Production technology, advanced manufacturing and Industry 4.0 methods and approaches have the potential to ensure manufacturing competitiveness by means of enhanced efficiency and resilience. In the manufacturing arena, mid-size companies are especially under pressure due to unbalanced global competition and the need for continuously innovating in products and processes.
Among several other day-to-day real-world industrial challenges, the scheduling and control of production resources have great influence on the performance of industrial systems. The allocation of machines, inventory, labour and other resources must cope with client’s expectations in terms of cost, quality, lead-time, among other requirements. Manufacturing systems are subject to internal and external dynamic effects inducing relatively quick and unforeseen changes, such as not anticipated high-priority orders or unplanned machine downtimes. Due to the high degree of interdependencies between processes within manufacturing systems, disturbances can accumulate, so that even small changes of system parameters can have a big impact on the performance of the system. Traditional approaches currently used in industry for production scheduling and control are not able to react on dynamic events in real-time, i.e. are not able to adapt fast enough to current evolving changes.
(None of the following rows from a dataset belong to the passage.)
(* Let $G$ be a bounded metric operator in $\mathcal H$ and $S$ a closed densely defined operator in $\mathcal H$. Define $K$ on $D(K)=G^{1/2}D(S)$ by $K\xi=G^{1/2}SG^{-1/2}\xi$. Then $K$ is densely defined and $K^*=G^{-1/2}S^*G^{1/2}$, the latter operator being defined on its natural domain $\{\eta\in\mathcal H: G^{1/2}\eta\in D(S^* ),\ S^*G^{1/2}\eta\in D(G^{-1/2})\}$.
   Context: A metric operator in $\mathcal H$ is a self-adjoint operator $G$ with $\langle G\xi,\xi\rangle>0$ for all nonzero $\xi\in D(G)$; it is injective, and $G^{-1/2}$ denotes the (possibly unbounded) inverse of $G^{1/2}$. *)

theory Defs
  imports "HOL-Analysis.Analysis"
begin

text \<open>HOL-Analysis only provides real inner product spaces, so we introduce complex
inner product spaces as a type class (inner product linear in the first argument,
conjugate linear in the second), and complex Hilbert spaces as complete ones.\<close>

class complex_inner = real_normed_vector +
  fixes scaleC :: "complex \<Rightarrow> 'a \<Rightarrow> 'a"
  fixes cinner :: "'a \<Rightarrow> 'a \<Rightarrow> complex"
  assumes scaleC_scaleR: "scaleC (complex_of_real r) x = scaleR r x"
    and scaleC_add_right: "scaleC a (x + y) = scaleC a x + scaleC a y"
    and scaleC_add_left: "scaleC (a + b) x = scaleC a x + scaleC b x"
    and scaleC_scaleC: "scaleC a (scaleC b x) = scaleC (a * b) x"
    and scaleC_one: "scaleC 1 x = x"
    and cinner_commute: "cinner x y = cnj (cinner y x)"
    and cinner_add_left: "cinner (x + y) z = cinner x z + cinner y z"
    and cinner_scaleC_left: "cinner (scaleC a x) y = a * cinner x y"
    and cinner_self_nonneg: "0 \<le> Re (cinner x x)"
    and cinner_eq_zero_iff: "cinner x x = 0 \<longleftrightarrow> x = 0"
    and norm_eq_sqrt_cinner: "norm x = sqrt (Re (cinner x x))"

class chilbert_space = complex_inner + complete_space

text \<open>An operator in H is represented by its graph T :: ('a \<times> 'a) set; its domain is
Domain T.  Equality of operators is equality of graphs (same domain, same values).\<close>

definition linear_op :: "('a::complex_inner \<times> 'a) set \<Rightarrow> bool" where
  "linear_op T \<longleftrightarrow>
     (0, 0) \<in> T \<and>
     (\<forall>x1 y1 x2 y2. (x1, y1) \<in> T \<longrightarrow> (x2, y2) \<in> T \<longrightarrow> (x1 + x2, y1 + y2) \<in> T) \<and>
     (\<forall>c x y. (x, y) \<in> T \<longrightarrow> (scaleC c x, scaleC c y) \<in> T) \<and>
     (\<forall>x y z. (x, y) \<in> T \<longrightarrow> (x, z) \<in> T \<longrightarrow> y = z)"

definition densely_defined :: "('a::complex_inner \<times> 'a) set \<Rightarrow> bool" where
  "densely_defined T \<longleftrightarrow> closure (Domain T) = UNIV"

definition closed_op :: "('a::complex_inner \<times> 'a) set \<Rightarrow> bool" where
  "closed_op T \<longleftrightarrow> closed T"

definition adjoint_op :: "('a::complex_inner \<times> 'a) set \<Rightarrow> ('a \<times> 'a) set" where
  "adjoint_op T = {(y, z). \<forall>x w. (x, w) \<in> T \<longrightarrow> cinner w y = cinner x z}"

definition op_comp :: "('a \<times> 'a) set \<Rightarrow> ('a \<times> 'a) set \<Rightarrow> ('a \<times> 'a) set" where
  "op_comp A B = {(x, z). \<exists>y. (x, y) \<in> B \<and> (y, z) \<in> A}"

definition op_inv :: "('a \<times> 'a) set \<Rightarrow> ('a \<times> 'a) set" where
  "op_inv T = converse T"

definition graph :: "('a \<Rightarrow> 'a) \<Rightarrow> ('a \<times> 'a) set" where
  "graph f = {(x, f x) | x. True}"

definition cbounded_linear :: "('a::complex_inner \<Rightarrow> 'a) \<Rightarrow> bool" where
  "cbounded_linear f \<longleftrightarrow>
     (\<forall>x y. f (x + y) = f x + f y) \<and> (\<forall>c x. f (scaleC c x) = scaleC c (f x)) \<and>
     (\<exists>K. \<forall>x. norm (f x) \<le> norm x * K)"

definition selfadjoint_bdd :: "('a::complex_inner \<Rightarrow> 'a) \<Rightarrow> bool" where
  "selfadjoint_bdd f \<longleftrightarrow> (\<forall>x y. cinner (f x) y = cinner x (f y))"

definition bounded_metric_op :: "('a::complex_inner \<Rightarrow> 'a) \<Rightarrow> bool" where
  "bounded_metric_op g \<longleftrightarrow> cbounded_linear g \<and> selfadjoint_bdd g \<and>
     (\<forall>x. x \<noteq> 0 \<longrightarrow> Im (cinner (g x) x) = 0 \<and> 0 < Re (cinner (g x) x))"

definition op_sqrt :: "('a::complex_inner \<Rightarrow> 'a) \<Rightarrow> ('a \<Rightarrow> 'a)" where
  "op_sqrt g = (THE r. cbounded_linear r \<and> selfadjoint_bdd r \<and>
                       (\<forall>x. 0 \<le> Re (cinner (r x) x)) \<and> r \<circ> r = g)"

end

theory Submission
  imports Defs "HOL-Computational_Algebra.Formal_Power_Series"
begin

text \<open>
  With \<open>R = sqrt G\<close>, the graph of \<open>K\<close> is \<open>{(R y, R z) | (y, z) \<in> S}\<close>. Since \<open>R\<close> is bounded and
  self-adjoint, \<open>\<langle>R z, \<eta>\<rangle> = \<langle>R y, \<zeta>\<rangle>\<close> for all \<open>(y, z) \<in> S\<close> says exactly that
  \<open>(R \<eta>, R \<zeta>) \<in> S\<^sup>*\<close>, which is the formula for \<open>K\<^sup>*\<close>. \<open>K\<close> is densely defined because \<open>R\<close> is continuous with dense range:
  the orthogonal complement of its range is its kernel, which is trivial since \<open>G\<close> is injective.

  Most of the work is the existence and uniqueness of \<open>R\<close>. After scaling, \<open>G = s (1 - B)\<close> with
  \<open>\<parallel>B\<parallel> \<le> 1\<close>, and \<open>sqrt (G / s) = \<Sum>\<^sub>n c\<^sub>n B\<^sup>n\<close> with the binomial coefficients of \<open>sqrt (1 - z)\<close>; these
  are non-positive after \<open>c\<^sub>0 = 1\<close> and have non-negative partial sums, so the series converges
  absolutely, and its Cauchy square is \<open>1 - B\<close> by Vandermonde's identity. Any
  positive square root commutes with \<open>G\<close>, hence with \<open>R\<close>, and two commuting ones coincide.
\<close>


section \<open>Complex inner product spaces\<close>

lemma cinner_zero_left [simp]: "cinner 0 y = 0"
  using cinner_add_left[of 0 0 y] by simp

lemma cinner_zero_right [simp]: "cinner x 0 = 0"
  by (metis cinner_commute cinner_zero_left complex_cnj_zero)

lemma cinner_add_right: "cinner x (y + z) = cinner x y + cinner x z"
  by (metis cinner_commute cinner_add_left complex_cnj_add)

lemma cinner_scaleC_right: "cinner x (scaleC a y) = cnj a * cinner x y"
  by (metis cinner_commute cinner_scaleC_left complex_cnj_mult)

lemma cinner_minus_left: "cinner (- x) y = - cinner x y"
  using cinner_add_left[of x "- x" y] add.inverse_unique[of "cinner x y"] by simp

lemma cinner_diff_left: "cinner (x - y) z = cinner x z - cinner y z"
  using cinner_add_left[of x "- y" z] by (simp add: cinner_minus_left)

lemma cinner_diff_right: "cinner x (y - z) = cinner x y - cinner x z"
  by (metis cinner_commute cinner_diff_left complex_cnj_diff)

lemma scaleR_eq_scaleC: "scaleR r x = scaleC (complex_of_real r) x"
  by (simp add: scaleC_scaleR)

lemma cinner_scaleR_left: "cinner (scaleR r x) y = complex_of_real r * cinner x y"
  by (simp add: scaleR_eq_scaleC cinner_scaleC_left)

lemma cinner_scaleR_right: "cinner x (scaleR r y) = complex_of_real r * cinner x y"
  by (simp add: scaleR_eq_scaleC cinner_scaleC_right)

lemma Re_cinner_commute: "Re (cinner y x) = Re (cinner x y)"
  by (subst cinner_commute) simp

lemma cinner_self_eq_norm: "cinner x x = complex_of_real ((norm x)\<^sup>2)"
proof -
  have "Im (cinner x x) = 0"
    by (metis cinner_commute cnj.sel(2) neg_equal_zero)
  then show ?thesis
    by (simp add: complex_eq_iff norm_eq_sqrt_cinner cinner_self_nonneg)
qed

lemma power2_norm_eq_cinner: "(norm x)\<^sup>2 = Re (cinner x x)"
  by (simp add: cinner_self_eq_norm)

lemma power2_norm_diff_cinner:
  "(norm (x - y))\<^sup>2 = (norm x)\<^sup>2 - 2 * Re (cinner x y) + (norm y)\<^sup>2"
  unfolding power2_norm_eq_cinner
  by (simp add: cinner_diff_left cinner_diff_right Re_cinner_commute[of y x])

lemma power2_norm_add_cinner:
  "(norm (x + y))\<^sup>2 = (norm x)\<^sup>2 + 2 * Re (cinner x y) + (norm y)\<^sup>2"
  unfolding power2_norm_eq_cinner
  by (simp add: cinner_add_left cinner_add_right Re_cinner_commute[of y x])

lemma scaleC_diff_right: "scaleC a (x - y) = scaleC a x - scaleC a y"
  by (metis add_diff_cancel diff_add_cancel scaleC_add_right)

lemma norm_scaleC: "norm (scaleC a x) = cmod a * norm x"
proof -
  have "cinner (scaleC a x) (scaleC a x) = a * cnj a * cinner x x"
    by (simp add: cinner_scaleC_left cinner_scaleC_right mult.assoc)
  then have "(norm (scaleC a x))\<^sup>2 = Re (a * cnj a * cinner x x)"
    by (simp only: power2_norm_eq_cinner)
  also have "\<dots> = (cmod a * norm x)\<^sup>2"
    by (simp add: cinner_self_eq_norm power_mult_distrib flip: complex_norm_square of_real_mult)
  finally show ?thesis
    by (simp add: power2_eq_iff_nonneg)
qed

definition positive_op :: "('a::complex_inner \<Rightarrow> 'a) \<Rightarrow> bool" where
  "positive_op T \<longleftrightarrow> (\<forall>x y. T (x + y) = T x + T y) \<and> (\<forall>c x. T (scaleC c x) = scaleC c (T x)) \<and>
     selfadjoint_bdd T \<and> (\<forall>x. 0 \<le> Re (cinner (T x) x))"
In this context, the increasing use of IoT, Industry 4.0, Smart Manufacturing technologies enables the collection of data about the current system state in real-time. Our approach uses the potential of simulation, optimization and real-time date exchange to handle dynamic influences, ensuring high efficiency and robustness. The approach is embodied in a new data-driven adaptive simulation-based optimization approach for an integrated control of inventory, production and maintenance processes. The project connects data-oriented research on the usage of smart components with research on optimising and simulating manufacturing systems. The developed approach already performed very well in real-world use cases, providing substantially improved results i.e. an efficient and fault-resilient allocation of productive resources. The approach and correlated knowledge developed by the project is mature and prepared to be applied in other industrial use cases.